Data supplied section start

(* Let $k,m\in\mathbb{N}$ with $m<k\le 2m$, $k$ even, and $\gcd(2k+1,2(2m+1))=1$. Let $J_\mu=\{1,\dots,\mu\}$ and define $I_{11}=\{s\in J_m: s=\frac{2n(2m+1)+k-m}{2k+1}\text{ for some }n\in J_{k/2}\}$, $I_{12}=\{s\in J_m: 2m+1-s=\frac{2n(2m+1)+k-m}{2k+1}\text{ for some }n\in\{k/2+1,\dots,k\}\}$, $I_{21}=\{s\in J_m: s=\frac{2n(2m+1)-(k-m)}{2k+1}\text{ for some }n\in J_{k/2}\}$, $I_{22}=\{s\in J_m: 2m+1-s=\frac{2n(2m+1)-(k-m)}{2k+1}\text{ for some }n\in\{k/2+1,\dots,k\}\}$. Then $I_{21}=\{m\}$ and $I_{11}=I_{12}=I_{22}=\emptyset$. *)

theory Defs
  imports Complex_Main
begin

definition J :: "nat \<Rightarrow> nat set" where "J \<mu> = {1..\<mu>}"

definition I11 :: "nat \<Rightarrow> nat \<Rightarrow> nat set" where
  "I11 k m = {s \<in> J m. \<exists>n \<in> J (k div 2).
     (of_nat s :: rat) = ((of_int :: int \<Rightarrow> rat) (2 * int n * (2 * int m + 1) + int k - int m)) / (of_nat (2*k+1) :: rat)}"

definition I12 :: "nat \<Rightarrow> nat \<Rightarrow> nat set" where
  "I12 k m = {s \<in> J m. \<exists>n \<in> {k div 2 + 1..k}.
     (of_int :: int \<Rightarrow> rat) (2 * int m + 1 - int s) = ((of_int :: int \<Rightarrow> rat) (2 * int n * (2 * int m + 1) + int k - int m)) / (of_nat (2*k+1) :: rat)}"

definition I21 :: "nat \<Rightarrow> nat \<Rightarrow> nat set" where
  "I21 k m = {s \<in> J m. \<exists>n \<in> J (k div 2).
     (of_nat s :: rat) = ((of_int :: int \<Rightarrow> rat) (2 * int n * (2 * int m + 1) - (int k - int m))) / (of_nat (2*k+1) :: rat)}"

definition I22 :: "nat \<Rightarrow> nat \<Rightarrow> nat set" where
  "I22 k m = {s \<in> J m. \<exists>n \<in> {k div 2 + 1..k}.
     (of_int :: int \<Rightarrow> rat) (2 * int m + 1 - int s) = ((of_int :: int \<Rightarrow> rat) (2 * int n * (2 * int m + 1) - (int k - int m))) / (of_nat (2*k+1) :: rat)}"

end

theory Submission
  imports Defs
begin

text \<open>Put \<open>K = 2k + 1\<close> and \<open>M = 2m + 1\<close>. Since \<open>k - m = kM - mK\<close>, each defining equation
  \<open>xK = 2nM \<plusminus> (k - m)\<close> (with \<open>x\<close> either \<open>s\<close> or \<open>M - s\<close>) turns into an identity \<open>aK = bM\<close> with \<open>a\<close> equal to
  \<open>s + m\<close>, \<open>m - s\<close>, \<open>s - m\<close>, \<open>m + 1 - s\<close> for \<open>I11\<close>, \<open>I12\<close>, \<open>I21\<close>, \<open>I22\<close> (for \<open>I12\<close> after
  subtracting \<open>MK\<close> from both sides). For \<open>1 \<le> s \<le> m\<close> we have \<open>\<bar>a\<bar> < M\<close>, so coprimality
  of \<open>M\<close> and \<open>K\<close> forces \<open>a = 0\<close>. This rules out \<open>I11\<close> and \<open>I22\<close> outright and leaves only
  \<open>s = m\<close> in \<open>I21\<close> (attained with \<open>n = k/2\<close>) and in \<open>I12\<close>, where it forces \<open>k = 2n - 1\<close>,
  contradicting the parity of \<open>k\<close>.\<close>

lemma of_int_eq_of_int_div_of_nat_iff:
  assumes "0 < K"
  shows "(of_int a :: 'a :: field_char_0) = of_int b / of_nat K \<longleftrightarrow> a * int K = b"
proof -
  have "(of_int a :: 'a) = of_int b / of_nat K \<longleftrightarrow> of_int a * of_nat K = (of_int b :: 'a)"
    using assms by (simp add: eq_divide_eq)
  also have "\<dots> \<longleftrightarrow> (of_int (a * int K) :: 'a) = of_int b"
    by simp
  finally show ?thesis
    by (simp only: of_int_eq_iff)
qed

lemma coprime_cross_eq_small_imp_zero:
  fixes a b K M :: int
  assumes "coprime M K" and "a * K = b * M" and "\<bar>a\<bar> < M"
  shows "a = 0"
proof (rule ccontr)
  assume "a \<noteq> 0"
  have "M dvd a * K"
    using assms(2) by simp
  with assms(1) have "M dvd a"
    by (simp add: coprime_dvd_mult_left_iff)
  with \<open>a \<noteq> 0\<close> have "\<bar>M\<bar> \<le> \<bar>a\<bar>"
    by (rule dvd_imp_le_int)
  with assms(3) show False
    by linarith
qed

lemma I11_eq:
  "I11 k m = {s \<in> J m. \<exists>n \<in> J (k div 2).
     (int s + int m) * (2 * int k + 1) = (2 * int n + int k) * (2 * int m + 1)}"
proof -
  have "(of_nat s :: rat) = of_int (2 * int n * (2 * int m + 1) + int k - int m) / of_nat (2*k+1)
    \<longleftrightarrow> int s * int (2*k+1) = 2 * int n * (2 * int m + 1) + int k - int m" for s n
    using of_int_eq_of_int_div_of_nat_iff[where 'a = rat, of "2*k+1" "int s"]
    by (simp only: of_int_of_nat_eq)
  also have "\<dots> s n \<longleftrightarrow> (int s + int m) * (2 * int k + 1) = (2 * int n + int k) * (2 * int m + 1)"
    for s n by (simp add: algebra_simps)
  finally show ?thesis
    unfolding I11_def by simp
qed

lemma I12_eq:
  "I12 k m = {s \<in> J m. \<exists>n \<in> {k div 2 + 1..k}.
     (int m - int s) * (2 * int k + 1) = (2 * int n - int k - 1) * (2 * int m + 1)}"
proof -
  have "(of_int (2 * int m + 1 - int s) :: rat)
      = of_int (2 * int n * (2 * int m + 1) + int k - int m) / of_nat (2*k+1)
    \<longleftrightarrow> (2 * int m + 1 - int s) * int (2*k+1) = 2 * int n * (2 * int m + 1) + int k - int m"
    for s n by (rule of_int_eq_of_int_div_of_nat_iff) simp
  also have "\<dots> s n \<longleftrightarrow> (int m - int s) * (2 * int k + 1) = (2 * int n - int k - 1) * (2 * int m + 1)"
    for s n by (simp add: algebra_simps)
  finally show ?thesis
    unfolding I12_def by simp
qed

lemma I21_eq:
  "I21 k m = {s \<in> J m. \<exists>n \<in> J (k div 2).
     (int s - int m) * (2 * int k + 1) = (2 * int n - int k) * (2 * int m + 1)}"
proof -
  have "(of_nat s :: rat) = of_int (2 * int n * (2 * int m + 1) - (int k - int m)) / of_nat (2*k+1)
    \<longleftrightarrow> int s * int (2*k+1) = 2 * int n * (2 * int m + 1) - (int k - int m)" for s n
    using of_int_eq_of_int_div_of_nat_iff[where 'a = rat, of "2*k+1" "int s"]
    by (simp only: of_int_of_nat_eq)
  also have "\<dots> s n \<longleftrightarrow> (int s - int m) * (2 * int k + 1) = (2 * int n - int k) * (2 * int m + 1)"
    for s n by (simp add: algebra_simps)
  finally show ?thesis
    unfolding I21_def by simp
qed

lemma I22_eq:
  "I22 k m = {s \<in> J m. \<exists>n \<in> {k div 2 + 1..k}.
     (int m + 1 - int s) * (2 * int k + 1) = (2 * int n - int k) * (2 * int m + 1)}"
proof -
  have "(of_int (2 * int m + 1 - int s) :: rat)
      = of_int (2 * int n * (2 * int m + 1) - (int k - int m)) / of_nat (2*k+1)
    \<longleftrightarrow> (2 * int m + 1 - int s) * int (2*k+1) = 2 * int n * (2 * int m + 1) - (int k - int m)"
    for s n by (rule of_int_eq_of_int_div_of_nat_iff) simp
  also have "\<dots> s n \<longleftrightarrow> (int m + 1 - int s) * (2 * int k + 1) = (2 * int n - int k) * (2 * int m + 1)"
    for s n by (simp add: algebra_simps)
  finally show ?thesis
    unfolding I22_def by simp
qed

lemma I11_empty:
  assumes "coprime (2 * int m + 1) (2 * int k + 1)"
  shows "I11 k m = {}"
proof -
  have False
    if s: "s \<in> J m" and eq: "(int s + int m) * (2 * int k + 1) = (2 * int n + int k) * (2 * int m + 1)"
    for s n
  proof -
    have "int s + int m = 0"
      by (rule coprime_cross_eq_small_imp_zero[OF assms eq]) (use s in \<open>simp add: J_def\<close>)
    with s show False
      by (simp add: J_def)
  qed
  then show ?thesis
    unfolding I11_eq by blast
qed

lemma I12_empty:
  assumes "coprime (2 * int m + 1) (2 * int k + 1)" and "even k"
  shows "I12 k m = {}"
proof -
  have False
    if s: "s \<in> J m" and eq: "(int m - int s) * (2 * int k + 1) = (2 * int n - int k - 1) * (2 * int m + 1)"
    for s n
  proof -
    have "int m - int s = 0"
      by (rule coprime_cross_eq_small_imp_zero[OF assms(1) eq]) (use s in \<open>auto simp add: J_def\<close>)
    with eq have "int k = 2 * int n - 1"
      by simp
    with \<open>even k\<close> show False
      by presburger
  qed
  then show ?thesis
    unfolding I12_eq by blast
qed

lemma I21_eq_singleton:
  assumes "coprime (2 * int m + 1) (2 * int k + 1)" and "even k" and "0 < k" and "0 < m"
  shows "I21 k m = {m}"
proof
  show "I21 k m \<subseteq> {m}"
  proof
    fix s
    assume "s \<in> I21 k m"
    then obtain n where s: "s \<in> J m"
      and eq: "(int s - int m) * (2 * int k + 1) = (2 * int n - int k) * (2 * int m + 1)"
      unfolding I21_eq by blast
    have "int s - int m = 0"
      by (rule coprime_cross_eq_small_imp_zero[OF assms(1) eq]) (use s in \<open>auto simp add: J_def\<close>)
    then show "s \<in> {m}"
      by simp
  qed
  have "k div 2 \<in> J (k div 2)" and "2 * int (k div 2) - int k = 0"
    using assms(2,3) by (auto simp add: J_def)
  with \<open>0 < m\<close> show "{m} \<subseteq> I21 k m"
    unfolding I21_eq by (auto simp add: J_def)
qed

lemma I22_empty:
  assumes "coprime (2 * int m + 1) (2 * int k + 1)"
  shows "I22 k m = {}"
proof -
  have False
    if s: "s \<in> J m" and eq: "(int m + 1 - int s) * (2 * int k + 1) = (2 * int n - int k) * (2 * int m + 1)"
    for s n
  proof -
    have "int m + 1 - int s = 0"
      by (rule coprime_cross_eq_small_imp_zero[OF assms eq]) (use s in \<open>auto simp add: J_def\<close>)
    with s show False
      by (simp add: J_def)
  qed
  then show ?thesis
    unfolding I22_eq by blast
qed

theorem lemma3p11:
  fixes k m :: nat
  assumes "m < k" and "k \<le> 2 * m" and "even k"
    and "gcd (2 * k + 1) (2 * (2 * m + 1)) = 1"
  shows "I21 k m = {m} \<and> I11 k m = {} \<and> I12 k m = {} \<and> I22 k m = {}"
proof -
  have "coprime (2 * k + 1) (2 * (2 * m + 1))"
    using assms(4) by (simp only: coprime_iff_gcd_eq_1)
  then have "coprime (2 * m + 1) (2 * k + 1)"
    by (simp only: coprime_mult_right_iff coprime_commute)
  then have coprime: "coprime (2 * int m + 1) (2 * int k + 1)"
    using coprime_int_iff[of "2 * m + 1" "2 * k + 1"] by (simp add: add.commute)
  have "0 < k" and "0 < m"
    using assms(1,2) by linarith+
  show ?thesis
    using I21_eq_singleton[OF coprime assms(3) \<open>0 < k\<close> \<open>0 < m\<close>]
      I11_empty[OF coprime] I12_empty[OF coprime assms(3)] I22_empty[OF coprime]
    by blast
qed

end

Data supplied section end

▸ **What you have to do**
Lines above with the word "subseteq" should be counted, and the reply is that count alone.

▸ **Written solution**
2